In the briefing with journalists, Harris said Nvidia’s partners are expected to introduce new Blackwell-based solutions at Supercomputing 2024 this week.

“The rollout of Blackwell is progressing smoothly thanks to the reference architecture, enabling partners to quickly bring products to market while adding their own customizations,” he said.

Nvidia Releases H200 NVL PCIe Module

In addition to revealing the GB200 NVL4 Superchip, Nvidia announced that its previously announced H200 NVL PCIe card will become available in partner systems next month.

The NVL4 module contains Nvidia’s H200 GPU that launched earlier this year in the SXM form factor for Nvidia’s DGX system as well as HGX systems from server vendors. The H200 is the successor to the company’s H100 that uses the same Hopper architecture and helped make Nvidia into the dominant provider of AI chips for generative AI workloads.

What makes it different from a standard PCIe design is that the H200 NVL consists of either two or four PCIe cards that are connected together using Nvidia’s NVLink interconnect bridge, which enables a bidirectional throughput per GPU of 900 GB/s. The product’s predecessor, the H100 NVL, only connected two cards via NVLink.

It’s also air-cooled in contrast to the H200 SXM coming with options for liquid cooling.

The dual-slot PCIe form factor makes the H200 NVL “ideal for data centers with lower power, air-cooled enterprise rack designs with flexible configurations to deliver acceleration for every AI and HPC workload, regardless of size,” according to Harris.

“Companies can use their existing racks and select the number of GPUs that best fit their needs, from one, two, four or even eight GPUs with NVLink domain scaling up to four,” he said. “Enterprises can use H200 NVL to accelerate AI and HPC applications while also improving energy efficiency through reduced power consumption.”

Like its SXM cousin, the H200 NVL comes with 141GB of high-bandwidth memory and 4.8 TB/s of memory bandwidth in contrast to the H100 NVL’s 94-GB and 3.9-TB/s capacities, but its max thermal design power only goes up to 600 watts instead of the 700-watt maximum of the H200 SXM version, according to the company.

This results in the H200 NVL having slightly less horsepower than the SXM module.
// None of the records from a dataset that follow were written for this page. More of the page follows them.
(* Let $f:\mathcal D\subset\Omega\times(0,\infty)\to\Omega\times(0,\infty)$ be a measure-preserving embedding of the form $f(\omega,r)=(\omega+\psi(F(\omega,r)),\,r+G(\omega,r))$ with $F,G:\mathcal D\to\mathbb R$ continuous. Suppose there is a function $W\in\mathcal C^1_\psi(\Omega\times(0,\infty))$ and constants $\beta,\delta>0$ with $$0<\beta\le\partial_rW(\omega,r)\le\delta\quad\text{for all }\omega\in\Omega,\ r\in(0,\infty),$$ and $$W(f(\omega,r))\le W(\omega,r)+k(r)\quad\text{for all }(\omega,r)\in\mathcal D,$$ where $k:(0,\infty)\to\mathbb R$ is decreasing, bounded and satisfies $\lim_{r\to\infty}k(r)=0$. Then for $\mu_\Omega$-almost every $\omega\in\Omega$ the set $E_\omega\subset\mathbb R\times(0,\infty)$ has two-dimensional Lebesgue measure zero.
   Context: $\Omega$ is a commutative (written additively), compact, metrizable topological group, and $\psi:\mathbb R\to\Omega$ is a continuous group homomorphism with $\psi(\mathbb R)$ dense in $\Omega$. $\mu_\Omega$ is the Haar probability measure of $\Omega$, $\lambda$ is Lebesgue measure on $\mathbb R$, $\lambda^2$ on $\mathbb R^2$. For $U:\Omega\to\mathbb R$ set $\partial_\psi U(\omega)=\lim_{t\to0}\frac{U(\omega+\psi(t))-U(\omega)}{t}$; $\mathcal C^1_\psi(\Omega)$ is the space of continuous $U$ for which $\partial_\psi U$ exists at every point and is continuous on $\Omega$. $\mathcal C^1_\psi(\Omega\times(0,\infty))$ denotes the functions $W(\omega,r)$ with $W(\cdot,r)\in\mathcal C^1_\psi(\Omega)$ for every $r$ and $W(\omega,\cdot)\in\mathcal C^1(0,\infty)$ for every $\omega$. A map $f:\mathcal D\to\Omega\times(0,\infty)$ with $\mathcal D\subset\Omega\times(0,\infty)$ open is a measure-preserving embedding if it is continuous, injective and $(\mu_\Omega\otimes\lambda)(f(\mathcal B))=(\mu_\Omega\otimes\lambda)(\mathcal B)$ for all Borel $\mathcal B\subset\mathcal D$. For $\omega\in\Omega$ let $\psi_\omega(t)=\omega+\psi(t)$, $D_\omega=\{(t,r)\in\mathbb R\times(0,\infty):(\psi_\omega(t),r)\in\mathcal D\}$ and $f_\omega:D_\omega\to\mathbb R\times(0,\infty)$, $f_\omega(t,r)=(t+F(\psi_\omega(t),r),\,r+G(\psi_\omega(t),r))$. Set $D_{\omega,1}=D_\omega$, $D_{\omega,n+1}=f_\omega^{-1}(D_{\omega,n})$, $D_{\omega,\infty}=\bigcap_{n\ge1}D_{\omega,n}$, and for $(t_0,r_0)\in D_{\omega,\infty}$ write $(t_n,r_n)=f_\omega^n(t_0,r_0)$. The escaping set is $E_\omega=\{(t_0,r_0)\in D_{\omega,\infty}:\lim_{n\to\infty}r_n=\infty\}$. *)

theory Defs
  imports "HOL-Probability.Probability"
begin

definition psi_has_deriv :: "(real \<Rightarrow> 'a::{ab_group_add,topological_space}) \<Rightarrow> ('a \<Rightarrow> real) \<Rightarrow> 'a \<Rightarrow> real \<Rightarrow> bool" where
  "psi_has_deriv \<psi> U \<omega> L \<longleftrightarrow> ((\<lambda>t. (U (\<omega> + \<psi> t) - U \<omega>) / t) \<longlongrightarrow> L) (at 0)"

definition psi_deriv :: "(real \<Rightarrow> 'a::{ab_group_add,topological_space}) \<Rightarrow> ('a \<Rightarrow> real) \<Rightarrow> 'a \<Rightarrow> real" where
  "psi_deriv \<psi> U \<omega> = Lim (at 0) (\<lambda>t. (U (\<omega> + \<psi> t) - U \<omega>) / t)"

definition C1_psi :: "(real \<Rightarrow> 'a::{ab_group_add,topological_space}) \<Rightarrow> ('a \<Rightarrow> real) \<Rightarrow> bool" where
  "C1_psi \<psi> U \<longleftrightarrow> continuous_on UNIV U \<and> (\<forall>\<omega>. \<exists>L. psi_has_deriv \<psi> U \<omega> L)
     \<and> continuous_on UNIV (psi_deriv \<psi> U)"

definition C1_psi_half :: "(real \<Rightarrow> 'a::{ab_group_add,topological_space}) \<Rightarrow> ('a \<Rightarrow> real \<Rightarrow> real) \<Rightarrow> bool" where
  "C1_psi_half \<psi> W \<longleftrightarrow> (\<forall>r>0. C1_psi \<psi> (\<lambda>\<omega>. W \<omega> r))
     \<and> (\<forall>\<omega>. \<exists>W'. (\<forall>r>0. (W \<omega> has_real_derivative W' r) (at r)) \<and> continuous_on {0<..} W')"

definition f_om :: "(real \<Rightarrow> 'a::ab_group_add) \<Rightarrow> ('a \<times> real \<Rightarrow> real) \<Rightarrow> ('a \<times> real \<Rightarrow> real) \<Rightarrow> 'a
    \<Rightarrow> real \<times> real \<Rightarrow> real \<times> real" where
  "f_om \<psi> F G \<omega> = (\<lambda>(t, r). (t + F (\<omega> + \<psi> t, r), r + G (\<omega> + \<psi> t, r)))"

definition D_om :: "(real \<Rightarrow> 'a::ab_group_add) \<Rightarrow> ('a \<times> real) set \<Rightarrow> 'a \<Rightarrow> (real \<times> real) set" where
  "D_om \<psi> D \<omega> = {(t, r). r > 0 \<and> (\<omega> + \<psi> t, r) \<in> D}"

text \<open>D_om_n ... \<omega> n is the paper's D_{omega,n+1}; preimages are taken inside the domain D_omega.\<close>
primrec D_om_n :: "(real \<Rightarrow> 'a::ab_group_add) \<Rightarrow> ('a \<times> real) set \<Rightarrow> ('a \<times> real \<Rightarrow> real) \<Rightarrow> ('a \<times> real \<Rightarrow> real)
    \<Rightarrow> 'a \<Rightarrow> nat \<Rightarrow> (real \<times> real) set" where
  "D_om_n \<psi> D F G \<omega> 0 = D_om \<psi> D \<omega>"
| "D_om_n \<psi> D F G \<omega> (Suc n) = {p \<in> D_om \<psi> D \<omega>. f_om \<psi> F G \<omega> p \<in> D_om_n \<psi> D F G \<omega> n}"

definition D_om_inf :: "(real \<Rightarrow> 'a::ab_group_add) \<Rightarrow> ('a \<times> real) set \<Rightarrow> ('a \<times> real \<Rightarrow> real) \<Rightarrow> ('a \<times> real \<Rightarrow> real)
    \<Rightarrow> 'a \<Rightarrow> (real \<times> real) set" where
  "D_om_inf \<psi> D F G \<omega> = (\<Inter>n. D_om_n \<psi> D F G \<omega> n)"

definition escaping_set :: "(real \<Rightarrow> 'a::ab_group_add) \<Rightarrow> ('a \<times> real) set \<Rightarrow> ('a \<times> real \<Rightarrow> real) \<Rightarrow> ('a \<times> real \<Rightarrow> real)
    \<Rightarrow> 'a \<Rightarrow> (real \<times> real) set" where
  "escaping_set \<psi> D F G \<omega> = {p \<in> D_om_inf \<psi> D F G \<omega>.
      filterlim (\<lambda>n. snd ((f_om \<psi> F G \<omega> ^^ n) p)) at_top sequentially}"

end

theory Submission
  imports Defs
begin

(* Let E be the set of points of \<Omega> \<times> (0,\<infinity>) whose f-orbit stays in D with r \<rightarrow> \<infinity>, and for a
   level T let last_exit T consist of the points of E at level W \<le> T whose later iterates all lie
   above T. Since \<partial>\<^sub>r W \<ge> \<beta>, W tends to \<infinity> along escaping orbits, so every escaping orbit has a
   last exit below any level T \<ge> W. A last-exit point jumps over T in one step, hence lies in the
   band T - k(\<rho>) < W \<le> T with \<rho> \<rightarrow> \<infinity> as T \<rightarrow> \<infinity>, and this band has measure at most 2 k(\<rho>) / \<beta>.
   Pushing the part of last_exit c that exits level T at time n forward by f\<^sup>n gives disjoint
   subsets of last_exit T of the same measure, so the measure of last_exit c is at most that of
   last_exit T, which tends to 0. Hence every last_exit c is null, and so is E, the union of their
   preimages. Finally E\<^sub>\<omega> is the slice of E along the \<psi>-orbit of \<omega>, and Haar invariance together
   with Fubini transfer the nullity of E to that of E\<^sub>\<omega> for almost every \<omega>. *)

lemma compact_metric_countable_basis:
  assumes "compact (UNIV :: 'a::metric_space set)"
  obtains B :: "'a::metric_space set set" where "countable B" "topological_basis B"
proof -
  have "\<exists>C. finite C \<and> UNIV \<subseteq> (\<Union>c\<in>C. ball (c::'a) (1 / Suc m))" for m :: nat
  proof -
    have "UNIV \<subseteq> (\<Union>c\<in>UNIV. ball (c::'a) (1 / Suc m))" by auto
    from compactE_image[OF assms _ this] show ?thesis by (metis open_ball)
  qed
  then obtain C :: "nat \<Rightarrow> 'a set"
    where C: "\<And>m. finite (C m)" "\<And>m. UNIV \<subseteq> (\<Union>c\<in>C m. ball c (1 / Suc m))"
    by metis
  define B where "B = (\<Union>m. (\<lambda>c. ball c (1 / Suc m)) ` C m)"
  have "countable B" unfolding B_def by (rule countable_UN) (auto intro: countable_finite C(1))
  moreover have "topological_basis B"
  proof (rule topological_basisI)
    show "open b" if "b \<in> B" for b using that by (auto simp: B_def)
  next
    fix O' :: "'a set" and x assume "open O'" "x \<in> O'"
    then obtain e where e: "e > 0" "ball x e \<subseteq> O'" by (meson open_contains_ball)
    obtain m :: nat where m: "1 / Suc m < e / 2"
      using e(1) half_gt_zero_iff nat_approx_posE by metis
    obtain c where c: "c \<in> C m" "x \<in> ball c (1 / Suc m)" using C(2)[of m] by blast
    have "ball c (1 / Suc m) \<subseteq> ball x e"
    proof
      fix y assume "y \<in> ball c (1 / Suc m)"
      moreover have "dist x y \<le> dist x c + dist c y" by (rule dist_triangle)
      ultimately show "y \<in> ball x e" using c(2) m by (simp add: dist_commute)
    qed
    then show "\<exists>b\<in>B. x \<in> b \<and> b \<subseteq> O'" using c e(2) by (auto simp: B_def)
  qed
  ultimately show thesis using that by blast
qed

lemma topological_basis_Union_UNIV:
  assumes "topological_basis B"
  shows "\<Union>B = UNIV"
proof -
  obtain B' where "B' \<subseteq> B" "\<Union>B' = UNIV"
    using assms open_UNIV unfolding topological_basis_def by blast
  then show ?thesis by blast
qed

lemma sets_pair_borel_countable_basis:
  fixes Ba :: "'a::topological_space set set" and Bb :: "'b::topological_space set set"
  assumes a: "countable Ba" "topological_basis Ba"
    and b: "countable Bb" "topological_basis Bb"
  shows "sets (borel \<Otimes>\<^sub>M borel) = sets (borel :: ('a \<times> 'b) measure)"
proof -
  have borel_prod: "(borel :: ('a \<times> 'b) measure) = sigma UNIV ((\<lambda>(a, b). a \<times> b) ` (Ba \<times> Bb))"
    by (rule borel_eq_countable_basis) (auto intro!: topological_basis_prod a b)
  have sets_a: "sets (borel :: 'a measure) = sigma_sets UNIV Ba"
    by (simp add: borel_eq_countable_basis[OF a] sets_measure_of)
  have sets_b: "sets (borel :: 'b measure) = sigma_sets UNIV Bb"
    by (simp add: borel_eq_countable_basis[OF b] sets_measure_of)
  have "sets (borel \<Otimes>\<^sub>M borel) =
      sets (sigma (space (borel::'a measure) \<times> space (borel::'b measure)) {x \<times> y | x y. x \<in> Ba \<and> y \<in> Bb})"
    by (rule sets_pair_eq[where Ca=Ba and Cb=Bb])
       (simp_all add: sets_a sets_b a b topological_basis_Union_UNIV[OF a(2)]
         topological_basis_Union_UNIV[OF b(2)])
  also have "{x \<times> y | x y. x \<in> Ba \<and> y \<in> Bb} = (\<lambda>(a, b). a \<times> b) ` (Ba \<times> Bb)" by auto
  finally show ?thesis using borel_prod by simp
qed

lemma sets_pair_measure_borel_compact:
  fixes \<mu> :: "'a::metric_space measure" and N :: "'b::second_countable_topology measure"
  assumes "compact (UNIV :: 'a set)" "sets \<mu> = sets borel" "sets N = sets borel"
  shows "sets (\<mu> \<Otimes>\<^sub>M N) = sets (borel :: ('a \<times> 'b) measure)"
proof -
  obtain Ba :: "'a set set" where "countable Ba" "topological_basis Ba"
    using compact_metric_countable_basis[OF assms(1)] by blast
  moreover obtain Bb :: "'b set set" where "countable Bb" "topological_basis Bb"
    using ex_countable_basis by blast
  moreover have "sets (\<mu> \<Otimes>\<^sub>M N) = sets (borel \<Otimes>\<^sub>M borel)"
    using assms(2,3) by (rule sets_pair_measure_cong)
  ultimately show ?thesis using sets_pair_borel_countable_basis by metis
qed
For instance, the H200 NVL can only reach 30 teraflops in 64-bit floating point (FP64) and 3,341 teraflops in 8-bit integer (INT8) performance whereas the SXM version can achieve 34 teraflops in FP64 and 3,958 teraflops in INT8 performance. (A teraflop is a unit of measurement for one trillion floating-point operations per second.)

When it comes to running inference on a 70-billion-parameter Llama 3 model, the H200 NVL is 70 percent faster than the H100 NVL, according to Nvidia. As for HPC workloads, the company said the H200 NVL is 30 percent faster for reverse time migration modeling.

The H200 NVL comes with a five-year subscription to the Nvidia AI Enterprise software platform, which comes with Nvidia NIM microservices for accelerating AI development.